Subclassing generally means supporting virtual calls, so here I will show a typical virtual call execution strategy; other strategies are possible (e.g. inline caches in some VMs). In this case, the optimized version of methods means moving from the instance to the class, then doing the field lookup to get a function... then calling it. This is the same sequence as done by both C++ and Java.

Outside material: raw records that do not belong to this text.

text \<open>If \<open>dim (A/A\<^sup>2) \<ge> 2\<close>, a basis of \<open>A\<^sup>2\<close> extends to a basis of \<open>A\<close> with two extra vectors
  \<open>a \<noteq> b\<close>; omitting \<open>a\<close> resp. \<open>b\<close> spans two proper subspaces \<open>S\<^sub>1, S\<^sub>2 \<supseteq> A\<^sup>2\<close> with
  \<open>S\<^sub>1 + S\<^sub>2 = A\<close>. Containing \<open>A\<^sup>2\<close>, they are subalgebras, hence nilpotent. Writing \<open>W\<^sub>S(k)\<close> for the
  span of the left-normed words \<open>s\<^sub>1(s\<^sub>2(\<dots>(s\<^sub>k w)))\<close> with \<open>s\<^sub>i \<in> S\<close>, the Leibniz identity makes
  \<open>W\<^sub>S(k)\<close> stable under left multiplication whenever \<open>A\<^sup>2 \<subseteq> S\<close>. Expanding each letter of a word
  of length \<open>k\<^sub>1 + k\<^sub>2\<close> along \<open>A = S\<^sub>1 + S\<^sub>2\<close> then puts it into \<open>W\<^sub>S\<^sub>1(k\<^sub>1) + W\<^sub>S\<^sub>2(k\<^sub>2)\<close>, which
  vanishes for large \<open>k\<^sub>i\<close>; so \<open>A\<close> would be nilpotent.\<close>

lemma (in vector_space) split_by_two_proper_subspaces:
  assumes "finite T" "span T = UNIV" "dim P + 2 \<le> dim (UNIV :: 'b set)"
  obtains S1 S2 where "subspace S1" "subspace S2" "P \<subseteq> S1" "P \<subseteq> S2"
    "S1 \<noteq> UNIV" "S2 \<noteq> UNIV" "\<And>x. \<exists>y\<in>S1. \<exists>z\<in>S2. x = y + z"
proof -
  obtain BP where BP: "BP \<subseteq> P" "independent BP" "P \<subseteq> span BP" "card BP = dim P"
    using basis_exists by blast
  define B where "B = extend_basis BP"
  have BPB: "BP \<subseteq> B" and iB: "independent B" and sB: "span B = UNIV"
    using BP(2) by (auto simp: B_def extend_basis_superset independent_extend_basis)
  have fB: "finite B"
    using independent_span_bound[OF assms(1) iB] assms(2) by auto
  have "card B = dim (UNIV :: 'b set)"
    using dim_eq_card[of B UNIV] sB iB by simp
  then have "card (B - BP) \<ge> 2"
    using assms(3) BP(4) BPB fB finite_subset[OF BPB fB] by (simp add: card_Diff_subset)
  then obtain a b where ab: "a \<in> B - BP" "b \<in> B - BP" "a \<noteq> b"
    using card_le_Suc0_iff_eq[of "B - BP"] fB by (metis finite_Diff not_less_eq_eq numeral_2_eq_2)
  have proper: "span (B - {c}) \<noteq> UNIV" if "c \<in> B" for c
    using iB that unfolding dependent_def by blast
  have above: "P \<subseteq> span (B - {c})" if "c \<notin> BP" for c
    using BP(3) span_mono[of BP "B - {c}"] BPB that by blast
  have "(B - {a}) \<union> (B - {b}) = B"
    using ab by auto
  then have "x \<in> span ((B - {a}) \<union> (B - {b}))" for x
    using sB by simp
  then have "\<exists>y\<in>span (B - {a}). \<exists>z\<in>span (B - {b}). x = y + z" for x
    unfolding span_Un by blast
  then show ?thesis
    using that[of "span (B - {a})" "span (B - {b})"] ab proper above by auto
qed

locale left_leibniz = vector_space scale for scale :: "'k::field \<Rightarrow> 'v::ab_group_add \<Rightarrow> 'v" +
  fixes m :: "'v \<Rightarrow> 'v \<Rightarrow> 'v"
  assumes mult_add_left: "m (x + y) z = m x z + m y z"
    and mult_add_right: "m x (y + z) = m x y + m x z"
    and mult_scale_right: "m x (scale a y) = scale a (m x y)"
    and leibniz: "m x (m y z) = m (m x y) z + m y (m x z)"
begin

lemma mult_zero_right: "m x 0 = 0"
  using mult_add_right[of x 0 0] by simp

lemma mult_left_in_span:
  assumes "u \<in> span X" "\<And>w. w \<in> X \<Longrightarrow> m x w \<in> span Y"
  shows "m x u \<in> span Y"
  using assms(1)
proof (induction rule: span_induct_alt)
  case base
  then show ?case by (simp add: mult_zero_right span_zero)
next
  case (step c w y)
  then show ?case
    using assms(2)[of w] by (simp add: mult_add_right mult_scale_right span_add span_scale)
qed

definition words :: "'v set \<Rightarrow> nat \<Rightarrow> 'v set" where
  "words S k = {foldr m ys w | ys w. set ys \<subseteq> S \<and> length ys = k}"

definition word_span :: "'v set \<Rightarrow> nat \<Rightarrow> 'v set" where
  "word_span S k = span (words S k)"

lemma word_in_word_span: "set ys \<subseteq> S \<Longrightarrow> foldr m ys w \<in> word_span S (length ys)"
  unfolding word_span_def words_def by (rule span_base) blast

lemma word_span_0: "word_span S 0 = UNIV"
  using word_in_word_span[of "[]" S] by auto

lemma mult_in_word_span_Suc:
  assumes "s \<in> S" "u \<in> word_span S k"
  shows "m s u \<in> word_span S (Suc k)"
  unfolding word_span_def
proof (rule mult_left_in_span[of u "words S k"])
  show "u \<in> span (words S k)"
    using assms(2) by (simp add: word_span_def)
  fix w assume "w \<in> words S k"
  then obtain ys v where "w = foldr m ys v" "set ys \<subseteq> S" "length ys = k"
    by (auto simp: words_def)
  then show "m s w \<in> span (words S (Suc k))"
    using assms(1) word_in_word_span[of "s # ys" S v] by (simp add: word_span_def)
qed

(rand() ? cat : dog).makeSound()

An implementation in psuedo-asm:

  rPet = ... # pick one of cat or dog
  rClass = ld.ptr (rPet+#classOffset)
  rSound = ld.ptr (rClass+#fieldOffsetMakeSound)
  call (rSound)

Another issue is handling shadowing of fields; when a subclass adds a new field with the same name as a prior one. The parser will need a "shadow-smart" lookup mechanism, not discussed here. From the type systems point-of-view, we would like to define a subclass as simply the normal (super-class) struct with some extra fields. We can use name mangling to keep the fields apart as one simple solution; there are other solutions such as stacked successive lookups when checking on fields.

Structural Typing

We already have structural typing (e.g. static duck-typing) with no further ado. Here we make a struct type with a single field quack, and an infinite number of fields, meaning we don't care what the other fields are.

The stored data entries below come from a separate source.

lemma likelihood_mult_prob_Sample:
  assumes "1 < p" and inj: "inj_on \<sigma> (carrier (Zp_pow p k))"
    and "finite L" and "\<sigma> ` carrier (Zp_pow p k) \<subseteq> L"
  shows "likelihood p k \<sigma> h * measure_pmf.prob
       (pmf_of_set (carrier (relabel \<sigma> (Zp_pow p k))) \<bind> (\<lambda>x. F (h @ [(Sample, x)]))) Ob
     = (\<Sum>l\<in>L. likelihood p k \<sigma> (h @ [(Sample, l)]) * measure_pmf.prob (F (h @ [(Sample, l)])) Ob)"
proof -
  let ?Z = "carrier (Zp_pow p k)"
  have p0: "0 < p" using assms(1) by simp
  have card: "card (\<sigma> ` ?Z) = p ^ k" "finite (\<sigma> ` ?Z)" "\<sigma> ` ?Z \<noteq> {}"
    using card_image[OF inj] card_carrier_Zp_pow[OF p0] finite_carrier_Zp_pow[OF p0] p0 by auto
  then have "likelihood p k \<sigma> h * measure_pmf.prob
       (pmf_of_set (carrier (relabel \<sigma> (Zp_pow p k))) \<bind> (\<lambda>x. F (h @ [(Sample, x)]))) Ob
      = (\<Sum>x\<in>\<sigma> ` ?Z. likelihood p k \<sigma> (h @ [(Sample, x)]) * measure_pmf.prob (F (h @ [(Sample, x)])) Ob)"
    using assms(1) inj
    by (simp add: measure_bind_pmf relabel_def integral_pmf_of_set likelihood_snoc_Sample
        sum_divide_distrib sum_distrib_left)
  also have "\<dots> = (\<Sum>l\<in>L. likelihood p k \<sigma> (h @ [(Sample, l)]) * measure_pmf.prob (F (h @ [(Sample, l)])) Ob)"
    using assms by (intro sum.mono_neutral_left) (auto simp: likelihood_snoc_Sample)
  finally show ?thesis .
qed

lemma likelihood_mult_prob_Mult:
  assumes "1 < p" and "inj_on \<sigma> (carrier (Zp_pow p k))" and "0 \<notin> \<sigma> ` carrier (Zp_pow p k)"
    and "finite L" and "insert 0 (\<sigma> ` carrier (Zp_pow p k)) \<subseteq> L"
  shows "likelihood p k \<sigma> h * measure_pmf.prob (F (h @ [(Mult i j, table_resp (relabel \<sigma> (Zp_pow p k)) h i j)])) Ob
     = (\<Sum>l\<in>L. likelihood p k \<sigma> (h @ [(Mult i j, l)]) * measure_pmf.prob (F (h @ [(Mult i j, l)])) Ob)"
proof -
  let ?r = "table_resp (relabel \<sigma> (Zp_pow p k)) h i j"
  have "?r \<in> L" using table_resp_relabel_in[OF group_Zp_pow] assms(5) by blast
  have "(\<Sum>l\<in>L. likelihood p k \<sigma> (h @ [(Mult i j, l)]) * measure_pmf.prob (F (h @ [(Mult i j, l)])) Ob)
      = (\<Sum>l\<in>L. if l = ?r then likelihood p k \<sigma> h * measure_pmf.prob (F (h @ [(Mult i j, ?r)])) Ob else 0)"
    by (intro sum.cong) (simp_all add: likelihood_snoc_Mult[OF assms(1-3)])
  also have "\<dots> = likelihood p k \<sigma> h * measure_pmf.prob (F (h @ [(Mult i j, ?r)])) Ob"
    using \<open>?r \<in> L\<close> assms(4) by simp
  finally show ?thesis ..
qed

lemma outcome_mass_likelihood:
  assumes "1 < p" and "inj_on \<sigma> (carrier (Zp_pow p k))" and "0 \<notin> \<sigma> ` carrier (Zp_pow p k)"
    and "finite L" and "insert 0 (\<sigma> ` carrier (Zp_pow p k)) \<subseteq> L"
  shows "outcome_mass A L (likelihood p k \<sigma>) Ob n h
       = likelihood p k \<sigma> h * measure_pmf.prob (exec (relabel \<sigma> (Zp_pow p k)) A n h) Ob"
proof (induction n arbitrary: h)
  case 0
  show ?case by (simp only: outcome_mass.simps exec_0)
next
  case (Suc n)
  let ?G = "relabel \<sigma> (Zp_pow p k)" and ?\<Lambda> = "likelihood p k \<sigma>"
  have "?\<Lambda> h * measure_pmf.prob (case a of
        Answer b \<Rightarrow> return_pmf (Some b)
      | Sample \<Rightarrow> pmf_of_set (carrier ?G) \<bind> (\<lambda>x. exec ?G A n (h @ [(Sample, x)]))
      | Mult i j \<Rightarrow> exec ?G A n (h @ [(Mult i j, table_resp ?G h i j)])) Ob
    = mass_step ?\<Lambda> Ob L (outcome_mass A L ?\<Lambda> Ob n) h a" for a
    using assms by (cases a)
      (simp_all add: mass_step_def Suc.IH likelihood_mult_prob_Sample likelihood_mult_prob_Mult)
  then show ?case
    by (simp add: measure_bind_pmf flip: integral_mult_right_zero)
qed

definition falling_fact :: "nat \<Rightarrow> nat \<Rightarrow> nat" where
  "falling_fact M D = (\<Prod>i<D. M - i)"

lemma falling_fact_add:
  "falling_fact M (D + E) = falling_fact M D * falling_fact (M - D) E"
  by (induction E) (simp_all add: falling_fact_def diff_diff_add)

lemma card_inj_on_PiE: "finite A \<Longrightarrow> finite B \<Longrightarrow>
    card {f \<in> A \<rightarrow>\<^sub>E B. inj_on f A} = falling_fact (card B) (card A)"
  using card_inj_on_subset_funcset[of A B A] by (simp add: falling_fact_def atLeast0LessThan)

lemma inj_on_piecewise:
  assumes "inj_on \<phi> U" and "inj_on f (A - U)" and "\<And>a u. a \<in> A - U \<Longrightarrow> u \<in> U \<Longrightarrow> f a \<noteq> \<phi> u"
  shows "inj_on (\<lambda>a. if a \<in> U then \<phi> a else f a) A"
  using assms assms(3)[symmetric] by (auto simp: inj_on_def)

lemma card_inj_on_PiE_extending:
  assumes "finite A" and "finite B" and "U \<subseteq> A" and "inj_on \<phi> U" and "\<phi> ` U \<subseteq> B"
  shows "card {\<sigma> \<in> A \<rightarrow>\<^sub>E B. inj_on \<sigma> A \<and> (\<forall>u\<in>U. \<sigma> u = \<phi> u)}
       = falling_fact (card B - card U) (card A - card U)"
proof -
  have "bij_betw (\<lambda>\<sigma>. restrict \<sigma> (A - U))
      {\<sigma> \<in> A \<rightarrow>\<^sub>E B. inj_on \<sigma> A \<and> (\<forall>u\<in>U. \<sigma> u = \<phi> u)}
      {f \<in> (A - U) \<rightarrow>\<^sub>E (B - \<phi> ` U). inj_on f (A - U)}"
  proof (rule bij_betw_byWitness[where f'="\<lambda>f. \<lambda>a\<in>A. if a \<in> U then \<phi> a else f a"])
    show "(\<lambda>\<sigma>. restrict \<sigma> (A - U)) ` {\<sigma> \<in> A \<rightarrow>\<^sub>E B. inj_on \<sigma> A \<and> (\<forall>u\<in>U. \<sigma> u = \<phi> u)}
        \<subseteq> {f \<in> (A - U) \<rightarrow>\<^sub>E (B - \<phi> ` U). inj_on f (A - U)}"
    proof (intro image_subsetI CollectI conjI)
      fix \<sigma> assume \<sigma>: "\<sigma> \<in> {\<sigma> \<in> A \<rightarrow>\<^sub>E B. inj_on \<sigma> A \<and> (\<forall>u\<in>U. \<sigma> u = \<phi> u)}"
      have "\<phi> ` U = \<sigma> ` U" using \<sigma> by auto
      then have "\<sigma> a \<notin> \<phi> ` U" if "a \<in> A - U" for a
        using inj_on_image_set_diff[of \<sigma> A A U] \<sigma> assms(3) that by auto
      then show "restrict \<sigma> (A - U) \<in> (A - U) \<rightarrow>\<^sub>E (B - \<phi> ` U)"
        using \<sigma> by (auto simp: PiE_iff)
      show "inj_on (restrict \<sigma> (A - U)) (A - U)"
        using \<sigma> by (auto simp: inj_on_def)
    qed
    show "(\<lambda>f. \<lambda>a\<in>A. if a \<in> U then \<phi> a else f a) ` {f \<in> (A - U) \<rightarrow>\<^sub>E (B - \<phi> ` U). inj_on f (A - U)}
        \<subseteq> {\<sigma> \<in> A \<rightarrow>\<^sub>E B. inj_on \<sigma> A \<and> (\<forall>u\<in>U. \<sigma> u = \<phi> u)}"
    proof (intro image_subsetI CollectI conjI)
      fix f assume f: "f \<in> {f \<in> (A - U) \<rightarrow>\<^sub>E (B - \<phi> ` U). inj_on f (A - U)}"
      show "(\<lambda>a\<in>A. if a \<in> U then \<phi> a else f a) \<in> A \<rightarrow>\<^sub>E B"
        using f assms(5) by (auto simp: PiE_iff)
      show "\<forall>u\<in>U. (\<lambda>a\<in>A. if a \<in> U then \<phi> a else f a) u = \<phi> u"
        using assms(3) by auto
      have "f a \<noteq> \<phi> u" if "a \<in> A - U" "u \<in> U" for a u
        using f that by (auto simp: PiE_iff)
      then have "inj_on (\<lambda>a. if a \<in> U then \<phi> a else f a) A"
        using f by (intro inj_on_piecewise[OF assms(4)]) auto
      then show "inj_on (\<lambda>a\<in>A. if a \<in> U then \<phi> a else f a) A"
        by (simp add: inj_on_def)
    qed
  qed (use assms(3) in \<open>auto simp: PiE_iff extensional_def fun_eq_iff\<close>)
  moreover have "card (B - \<phi> ` U) = card B - card U"
    using assms(2,4,5) by (simp add: card_Diff_subset finite_subset card_image)
  ultimately show ?thesis
    using assms(1-3) by (simp add: bij_betw_same_card card_inj_on_PiE card_Diff_subset finite_subset)
qed

lemma card_inj_on_PiE_prescribed:
  assumes "finite A" and "finite B" and "v ` I \<subseteq> A" and "l ` I \<subseteq> B"
    and pattern: "\<And>i i'. i \<in> I \<Longrightarrow> i' \<in> I \<Longrightarrow> v i = v i' \<longleftrightarrow> l i = l i'"
  shows "card {\<sigma> \<in> A \<rightarrow>\<^sub>E B. inj_on \<sigma> A \<and> (\<forall>i\<in>I. \<sigma> (v i) = l i)}
       = falling_fact (card B - card (l ` I)) (card A - card (l ` I))"
proof -
  define \<phi> where "\<phi> u = l (SOME i. i \<in> I \<and> v i = u)" for u
  have \<phi>: "\<phi> (v i) = l i" if "i \<in> I" for i
    using someI[of "\<lambda>i'. i' \<in> I \<and> v i' = v i" i] that pattern by (auto simp: \<phi>_def)
  have inj: "inj_on \<phi> (v ` I)"
    using \<phi> pattern by (auto simp: inj_on_def)
  have img: "\<phi> ` v ` I = l ` I"
    using \<phi> by (auto simp: image_image cong: image_cong)
  then have "card (v ` I) = card (l ` I)"
    using card_image[OF inj] by simp
  moreover have "(\<forall>i\<in>I. \<sigma> (v i) = l i) \<longleftrightarrow> (\<forall>u\<in>v ` I. \<sigma> u = \<phi> u)" for \<sigma> :: "'a \<Rightarrow> 'b"
    using \<phi> by auto
  ultimately show ?thesis
    using card_inj_on_PiE_extending[OF assms(1-3) inj] img assms(4) by simp
qed

definition proper_entries :: "nat \<Rightarrow> transcript \<Rightarrow> nat set" where
  "proper_entries p h = {i. i < length h \<and> formal_terms p h ! i \<noteq> None}"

[quack : { self -> String }, ⊤, ⊤, ⊤,,,  ]

The quackathon function checks that the caller passes in a struct with the quack field; this is more-or-less a interface or trait without a name:

quackathon = { arg: [quack : { self -> String }, ⊤, ⊤, ⊤,,, ] -> 
    arg.quack(); 
}

Any argument type that matches that signature is allowed; the type cast used to check the types just does a meet with the incoming argument; if the incoming argument lacks a quack field, it will take the default from the argument, and will lack a quack field... which will type error at the field load.

Duck : Pet : [
    makeSound = { self -> "quack" }
    quack = makeSound();
];
StealthCow : Pet : [
    makeSound = { self -> "moo" }
    quack = { self -> "quack" }
];

Both of these types have a quack function-typed field, so both are legal here. The requirement is strictly that the passed-in argument has the needed signature (needs a function-typed quack field).

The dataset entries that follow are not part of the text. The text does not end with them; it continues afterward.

lemma qe_mult_at_0: "qe_mult n al l 0 = qe_mult n al l' 0"
proof -
  have "matT n al l 0 = matT n al l' 0" unfolding matT_def by (rule prodT_at_0)
  moreover have "exc_cond n al l e 0 = exc_cond n al l' e 0" for e
    unfolding exc_cond_def using matU_at_0 by metis
  ultimately show ?thesis unfolding qe_mult_def by simp
qed

lemma qe_count_neg: "s < 0 \<Longrightarrow> qe_count n al l s = 0"
  unfolding qe_count_def by (auto intro: sum.neutral)

lemma liftU_at_0: "liftU n al l e 0 x = liftU n al l' e 0 x"
  unfolding liftU_def using liftW_at_0 by simp

locale curvilinear_polygon =
  fixes n :: nat and al l :: "nat \<Rightarrow> real"
  assumes n_ge_1: "n \<ge> 1"
    and angle_range: "\<And>j. j \<in> {1..n} \<Longrightarrow> 0 < al j \<and> al j < pi"
    and side_pos: "\<And>j. j \<in> {1..n} \<Longrightarrow> 0 < l j"
begin

lemma regular_angle_if_not_exceptional:
  "j \<in> {1..n} \<Longrightarrow> \<not> exceptional (al j) \<Longrightarrow> regular_angle (al j)"
  using regular_angle_iff_not_exceptional angle_range by blast
(* Let $V$ be a commutative unital quantale whose underlying lattice is a frame and in which $k=\top$. Let $(X,a)$, $(Y,b)$ be $V$-groups and $\varphi\colon Y\to\mathrm{Aut}(X)$ a group action such that $\varphi_y\colon(X,a)\to(X,a)$ is a $V$-functor for every $y\in Y$. Define $\mathrm{lex}\colon(X\times Y)\times(X\times Y)\to V$ by $\mathrm{lex}((x,y),(x',y'))=a(x,x')$ if $y=y'$ and $\mathrm{lex}((x,y),(x',y'))=b(y,y')$ if $y\neq y'$. The following are equivalent: (i) $(X,a)\xrightarrow{\langle 1,0\rangle}(X\rtimes_\varphi Y,\mathrm{lex})\underset{\langle 0,1\rangle}{\overset{\pi_2}{\rightleftarrows}}(Y,b)$ is a split extension in $\mathsf{VGrp}$; (ii) for all $x\in X$ and all $y\in Y\setminus\{0\}$, $b(y,0)\otimes b(0,y)\le a(x,0)$.
   Context: A commutative unital quantale $V$ is a complete lattice with a commutative associative operation $\otimes$ with unit $k$ preserving arbitrary joins in each variable. A $V$-category $(X,a)$: $a\colon X\times X\to V$ with $k\le a(x,x)$ and $a(x,x')\otimes a(x',x'')\le a(x,x'')$; a $V$-functor is a map $f$ with $a(x,x')\le b(f(x),f(x'))$. A $V$-group $(X,a,+)$ is a $V$-category with a group structure (additive, not necessarily abelian) such that $a(x_1,x_2)\otimes a(x_1',x_2')\le a(x_1+x_1',x_2+x_2')$; $V$-homomorphisms are group homomorphisms that are $V$-functors; category $\mathsf{VGrp}$ (pointed since $k=\top$). The semidirect product $X\rtimes_\varphi Y$ is $X\times Y$ with $(x,y)+(x',y')=(x+\varphi_y(x'),y+y')$, $\varphi_y=\varphi(y)$; $\langle 1,0\rangle(x)=(x,0)$, $\langle 0,1\rangle(y)=(0,y)$, $\pi_2(x,y)=y$. A split extension in $\mathsf{VGrp}$ means: the structure on the middle object makes it a $V$-group, all three maps are $V$-homomorphisms, $\pi_2\circ\langle 0,1\rangle=1_Y$, and $\langle 1,0\rangle$ is a kernel of $\pi_2$ in $\mathsf{VGrp}$. *)

theory Defs
  imports "HOL-Algebra.Group_Action"
begin

definition quantale :: "('v::complete_lattice \<Rightarrow> 'v \<Rightarrow> 'v) \<Rightarrow> 'v \<Rightarrow> bool" where
  "quantale t k \<longleftrightarrow>
     (\<forall>u v. t u v = t v u) \<and>
     (\<forall>u v w. t (t u v) w = t u (t v w)) \<and>
     (\<forall>u. t k u = u \<and> t u k = u) \<and>
     (\<forall>u S. t u (Sup S) = Sup (t u ` S)) \<and>
     (\<forall>u S. t (Sup S) u = Sup ((\<lambda>s. t s u) ` S))"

Nominative Typing and Traits and Interfaces

Nominative typing is basically structural typing, plus a constraint that we also match the type name. If you do not structurally type, you'll also fail nominative typing, but not vice-versa. We add a little type sugar to force a failure if the type names do not match, a hidden field with a funny name:

Duck : Pet : [
    $classDuck : 0; // hidden field with mangled class name
    makeSound = { self -> "quack" }
    quack = makeSound();
];
StealthCow : Pet : [
    $classStealthCow : 0; // hidden field with mangled class name
    makeSound = { self -> "moo" }
    quack = { self -> "quack" }
];

And now we need to constrain our quackathon to only allow Ducks:

quackathon = { arg: Duck -> 
    *type cast check Duck*
    arg.quack(); 
}

Nominative Typing Error Example

This code works as expected (Donald enters does the quackathon): quackathon(Duck("Donald"))

and this fails: quackathon(StealthCow("Betsy"))

because although StealthCow quacks like a duck, it does not have the required $classDuck field; this field goes to and the type cast will fail.

Let's expand on this fail to make it more explicit:

There is a type cast that the arguments are correct; it does a isa check with the input and expected type, and if the the argument is not isa, will flag a type error at the of type analysis (i.e. constant propagation). Unlike structural typing, where we require a quack field from the argument via directly loading a quack field, here we introduce a isa check.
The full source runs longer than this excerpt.